- Provided entries:
=== Section Start ===
lemma black_sum_recurrence_diag:
  assumes "1 \<le> k" "2 \<le> m" "r > 0"
  shows "(real k + r * real m) * black_sum r k k k m = real k * black_sum r k k k (m-1)"
proof -
  \<comment> \<open>At \<open>n = k\<close> the Pochhammer factor is just \<open>k + r l\<close>, so the first sum of the
    decomposition degenerates to a finite difference of order \<open>m - 1\<close> of a power of degree \<open>m - 2\<close>.\<close>
  have "(\<Sum>l=1..m. (real k + r * real l) / real l * black_term r k k k m l)
      = (\<Sum>l=1..m. (-1)^(m-l) * real l ^ (m-2) / (fact (l-1) * fact (m-l)))"
  proof (rule sum.cong)
    fix l assume "l \<in> {1..m}"
    define Q where "Q = real k + r * real l"
    have "Q \<noteq> 0" "real l \<noteq> 0"
      using \<open>l \<in> {1..m}\<close> assms unfolding Q_def by (auto intro!: add_nonneg_pos less_imp_neq[symmetric])
    moreover have "k+m-1-k = Suc (m-2)" using assms by simp
    then have "black_term r k k k m l = (-1)^(m-l) * real l * real l ^ (m-2) / (fact (l-1) * fact (m-l) * Q)"
      unfolding black_term_def Q_def by simp
    ultimately show "(real k + r * real l) / real l * black_term r k k k m l
        = (-1)^(m-l) * real l ^ (m-2) / (fact (l-1) * fact (m-l))"
      unfolding Q_def[symmetric] by (simp add: field_simps)
  qed simp
  also have "\<dots> = 0"
    using assms by (intro alternating_factorial_sum_eq_0) auto
  finally show ?thesis
    using assms by (simp add: black_sum_decompose)
qed

lemma black_sum_diag_one: "black_sum r k k k 1 = 1 / (real k + r)"
  by (simp add: black_sum_def black_term_def)

lemma black_sum_zero_white: "1 \<le> m \<Longrightarrow> black_sum r 0 1 0 m = 1"
  using alternating_factorial_sum_eq_1[of 1 m]
  by (simp add: black_sum_def black_term_def)

lemma black_sum_eq_gchoose:
  assumes "r > 0" "s \<le> n + 1"
  shows "1 / (fact (n+1-s) * fact (m-1)) * r^(n-q)
        * (\<Sum>l=1..m. (-1)^(m-l) * (real ((m-1) choose (l-1)) / ((real n + r * real l) gchoose (n+1-s)))
            * real l ^ (n+m-1-q))
       = black_sum r q s n m"
  unfolding black_sum_def sum_distrib_left
proof (rule sum.cong)
  fix l assume l: "l \<in> {1..m}"
  have shift: "real n + r * real l - real (n+1-s) + 1 = real s + r * real l"
    using assms by simp
  have gch: "(real n + r * real l) gchoose (n+1-s) = pochhammer (real s + r * real l) (n+1-s) / fact (n+1-s)"
    by (simp only: gbinomial_pochhammer' shift)
  have "l - 1 \<le> m - 1" "m - 1 - (l - 1) = m - l" using l by auto
  then have ch: "real ((m-1) choose (l-1)) = fact (m-1) / (fact (l-1) * fact (m-l))"
    by (metis binomial_fact)
  have "pochhammer (real s + r * real l) (n+1-s) > 0" using l assms pochhammer_shifted_pos by auto
  then show "1 / (fact (n+1-s) * fact (m-1)) * r^(n-q)
        * ((-1)^(m-l) * (real ((m-1) choose (l-1)) / ((real n + r * real l) gchoose (n+1-s)))
            * real l ^ (n+m-1-q))
       = black_term r q s n m l"
    unfolding black_term_def gch ch by (simp add: field_simps)
qed simp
=== Section End ===
Set every line of the listing down word for word.

lemma black_sum_recurrence_diag:
  assumes "1 \<le> k" "2 \<le> m" "r > 0"
  shows "(real k + r * real m) * black_sum r k k k m = real k * black_sum r k k k (m-1)"
proof -
  \<comment> \<open>At \<open>n = k\<close> the Pochhammer factor is just \<open>k + r l\<close>, so the first sum of the
    decomposition degenerates to a finite difference of order \<open>m - 1\<close> of a power of degree \<open>m - 2\<close>.\<close>
  have "(\<Sum>l=1..m. (real k + r * real l) / real l * black_term r k k k m l)
      = (\<Sum>l=1..m. (-1)^(m-l) * real l ^ (m-2) / (fact (l-1) * fact (m-l)))"
  proof (rule sum.cong)
    fix l assume "l \<in> {1..m}"
    define Q where "Q = real k + r * real l"
    have "Q \<noteq> 0" "real l \<noteq> 0"
      using \<open>l \<in> {1..m}\<close> assms unfolding Q_def by (auto intro!: add_nonneg_pos less_imp_neq[symmetric])
    moreover have "k+m-1-k = Suc (m-2)" using assms by simp
    then have "black_term r k k k m l = (-1)^(m-l) * real l * real l ^ (m-2) / (fact (l-1) * fact (m-l) * Q)"
      unfolding black_term_def Q_def by simp
    ultimately show "(real k + r * real l) / real l * black_term r k k k m l
        = (-1)^(m-l) * real l ^ (m-2) / (fact (l-1) * fact (m-l))"
      unfolding Q_def[symmetric] by (simp add: field_simps)
  qed simp
  also have "\<dots> = 0"
    using assms by (intro alternating_factorial_sum_eq_0) auto
  finally show ?thesis
    using assms by (simp add: black_sum_decompose)
qed

lemma black_sum_diag_one: "black_sum r k k k 1 = 1 / (real k + r)"
  by (simp add: black_sum_def black_term_def)

lemma black_sum_zero_white: "1 \<le> m \<Longrightarrow> black_sum r 0 1 0 m = 1"
  using alternating_factorial_sum_eq_1[of 1 m]
  by (simp add: black_sum_def black_term_def)

lemma black_sum_eq_gchoose:
  assumes "r > 0" "s \<le> n + 1"
  shows "1 / (fact (n+1-s) * fact (m-1)) * r^(n-q)
        * (\<Sum>l=1..m. (-1)^(m-l) * (real ((m-1) choose (l-1)) / ((real n + r * real l) gchoose (n+1-s)))
            * real l ^ (n+m-1-q))
       = black_sum r q s n m"
  unfolding black_sum_def sum_distrib_left
proof (rule sum.cong)
  fix l assume l: "l \<in> {1..m}"
  have shift: "real n + r * real l - real (n+1-s) + 1 = real s + r * real l"
    using assms by simp
  have gch: "(real n + r * real l) gchoose (n+1-s) = pochhammer (real s + r * real l) (n+1-s) / fact (n+1-s)"
    by (simp only: gbinomial_pochhammer' shift)
  have "l - 1 \<le> m - 1" "m - 1 - (l - 1) = m - l" using l by auto
  then have ch: "real ((m-1) choose (l-1)) = fact (m-1) / (fact (l-1) * fact (m-l))"
    by (metis binomial_fact)
  have "pochhammer (real s + r * real l) (n+1-s) > 0" using l assms pochhammer_shifted_pos by auto
  then show "1 / (fact (n+1-s) * fact (m-1)) * r^(n-q)
        * ((-1)^(m-l) * (real ((m-1) choose (l-1)) / ((real n + r * real l) gchoose (n+1-s)))
            * real l ^ (n+m-1-q))
       = black_term r q s n m l"
    unfolding black_term_def gch ch by (simp add: field_simps)
qed simp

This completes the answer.